A sugar or sucrose lysis test, in which a patient's red blood cells are placed in low ionic strength solution and observed for hemolysis, is used for screening. A more specific test for PNH, called Ham's acid hemolysis (after Dr Thomas Ham, who described the test in 1937) test, is performed if the sugar test is positive for hemolysis.[3] More sensitive modern methods include flow cytometry for CD55 and CD59 on white and red blood cells. Dependent on the presence of these molecules on the cell surface, they are classified as type I, II or III PNH cells. Type I cells have normal levels of CD55 and CD59, type II have reduced levels and type III have absent levels. The higher the number of type III cells, the higher the risk of hemolysis and thrombosis.[2]


Classification

PNH is classified by the context under which it is diagnosed:[2]

  • Classic PNH. Evidence of PNH in the absence of another bone marrow disorder.
  • PNH in the setting of another specified bone marrow disorder.
  • Subclinical PNH. PNH abnormalities on flow cytometry without signs of hemolysis.

Treatment

Long-term

PNH is a chronic condition. In patients who have only a small clone and few problems, monitoring of the flow cytometry every six months gives information on the severity and risk of potential complications. Given the high risk of thrombosis in PNH, preventative treatment with warfarin decreases the risk of thrombosis in those with a large clone (50% of white blood cells type III).

Episodes of thrombosis are treated as they would in other patients, but given that PNH is a persisting underlying cause it is likely that treatment with warfarin or similar drugs needs to be continued long-term after an episode of thrombosis.

Acute attacks

There is disagreement as to whether steroids (such as prednisolone) can decrease the severity of hemolytic crises. Transfusion therapy may be needed; in addition to correcting significant anemia this suppresses the production of PNH cells by the bone marrow, and indirectly the severity of the hemolysis. Iron deficiency develops with time, due to losses in urine, and may have to be treated if present. Iron therapy can result in more hemolysis as more PNH cells are produced.[2]

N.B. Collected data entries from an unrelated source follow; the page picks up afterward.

(*
  Everything is read off the trigonometric moments m(j, k) = E[Z_U^j Z_V^k], j, k in Z.
  Expanding the Poisson kernel, (1 - |w|^2) / |1 - w|^2 = sum_{n>=0} w^n + sum_{n>=1} cnj(w)^n,
  shows that BC_+(psi) resp. BC_-(psi) has m(j, k) = 0 unless j = -k resp. j = k, and that the
  surviving moments are psi^|k| for k <= 0 and cnj(psi)^k for k > 0. These values are
  multiplicative in psi and turn into those of psi^n when (j, k) is replaced by (n j, n k),
  while the moments of a product of independent variables multiply; for BC_+(psi1) times
  BC_-(psi2) only m(0, 0) = 1 survives, which is the moment sequence of the uniform law BC_+(0).
  It remains that a finite measure on the torus is determined by its moments: trigonometric
  polynomials are uniformly dense in the continuous functions (Stone-Weierstrass), and integrals
  of continuous functions determine the measure of every closed set.
*)

theory Submission
  imports Defs
begin

abbreviation period_measure :: "real measure" where
  "period_measure \<equiv> restrict_space lborel {0..<2*pi}"

lemma finite_measure_period: "finite_measure period_measure"
  by (rule finite_measureI) (simp add: emeasure_restrict_space)

lemma measure_period: "measure period_measure {0..<2*pi} = 2*pi"
  by (subst measure_restrict_space) auto

lemma integrable_period:
  fixes h :: "real \<Rightarrow> 'b::{banach, second_countable_topology}"
  assumes "continuous_on UNIV h"
  shows "integrable period_measure h"
proof -
  have "set_integrable lborel {0..2*pi} h"
    using assms by (intro borel_integrable_atLeastAtMost') (rule continuous_on_subset, auto)
  then have "set_integrable lborel {0..<2*pi} h"
    by (rule set_integrable_subset) auto
  then show ?thesis
    by (subst integrable_restrict_space) (auto simp: set_integrable_def)
qed

lemma integral_period_const [simp]:
  "integral\<^sup>L period_measure (\<lambda>t. c) = (2*pi) *\<^sub>R (c::'a::{banach, second_countable_topology})"
  using measure_period by simp

lemma integral_period_eq_interval_integral:
  fixes h :: "real \<Rightarrow> complex"
  assumes "continuous_on UNIV h"
  shows "integral\<^sup>L period_measure h = (LBINT t=ereal 0..ereal (2*pi). h t)"
proof -
  have [measurable]: "h \<in> borel_measurable borel"
    using assms by (rule borel_measurable_continuous_onI)
  have "integral\<^sup>L period_measure h = (\<integral>t. indicator {0..<2*pi} t *\<^sub>R h t \<partial>lborel)"
    by (rule integral_restrict_space) auto
  also have "\<dots> = (\<integral>t. indicator {0<..<2*pi} t *\<^sub>R h t \<partial>lborel)"
  proof (rule integral_cong_AE)
    show "AE t in lborel. indicator {0..<2*pi} t *\<^sub>R h t = indicator {0<..<2*pi} t *\<^sub>R h t"
      using AE_lborel_singleton[of 0] by eventually_elim (auto simp: indicator_def)
  qed measurable
  also have "\<dots> = (LBINT t=ereal 0..ereal (2*pi). h t)"
    by (auto simp: interval_lebesgue_integral_def set_lebesgue_integral_def einterval_def
        intro!: Bochner_Integration.integral_cong split: split_indicator)
  finally show ?thesis .
qed

lemma measurable_period_id [measurable]: "(\<lambda>t. t) \<in> borel_measurable period_measure"
  by (rule measurable_restrict_space1) simp

lemma integral_period_cis:
  fixes m :: int
  shows "integral\<^sup>L period_measure (\<lambda>t. cis (of_int m * t)) = (if m = 0 then 2*pi else 0)"
proof -
  let ?F = "\<lambda>t. cis (of_int m * t) / (\<i> * of_int m)"
  have "integral\<^sup>L period_measure (\<lambda>t. cis (of_int m * t)) = (LBINT t=ereal 0..ereal (2*pi). cis (of_int m * t))"
    by (intro integral_period_eq_interval_integral continuous_intros)
  also have "\<dots> = (if m = 0 then 2*pi else ?F (2*pi) - ?F 0)"
  proof (cases "m = 0")
    case True
    have "(LBINT t=ereal 0..ereal (2*pi). (1::complex)) = of_real (2*pi) - of_real 0"
      by (rule interval_integral_FTC_finite) (auto intro!: derivative_eq_intros)
    then show ?thesis using True by (simp add: zero_ereal_def)
  next
    case False
    have "(LBINT t=ereal 0..ereal (2*pi). cis (of_int m * t)) = ?F (2*pi) - ?F 0"
    proof (rule interval_integral_FTC_finite)
      fix t :: real
      show "(?F has_vector_derivative cis (of_int m * t)) (at t within {min 0 (2*pi)..max 0 (2*pi)})"
        unfolding has_vector_derivative_def using False
        by (auto intro!: derivative_eq_intros ext simp: field_simps scaleR_conv_of_real)
    qed (auto intro!: continuous_intros)
    then show ?thesis using False by simp
  qed
  also have "?F (2*pi) = ?F 0"
    using cis_multiple_2pi[of "of_int m"] by (simp add: mult.commute)
  finally show ?thesis by simp
qed

section \<open>The Poisson kernel\<close>

definition poisson_kernel :: "complex \<Rightarrow> real" where
  "poisson_kernel z = (1 - (cmod z)^2) / (cmod (1 - z))^2"

definition poisson_coeff :: "complex \<Rightarrow> int \<Rightarrow> complex" where
  "poisson_coeff w k = (if k \<le> 0 then w ^ nat (-k) else cnj w ^ nat k)"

A new monoclonal antibody, eculizumab, protects blood cells against immune destruction by inhibiting the complement system. It has been shown to reduce the need for blood transfusion in patients with significant hemolysis.

Screening

Screening for PNH is performed every year in people with previous aplastic anemia, and may be performed in people with myelodysplastic syndrome of the "refractory anemia" type.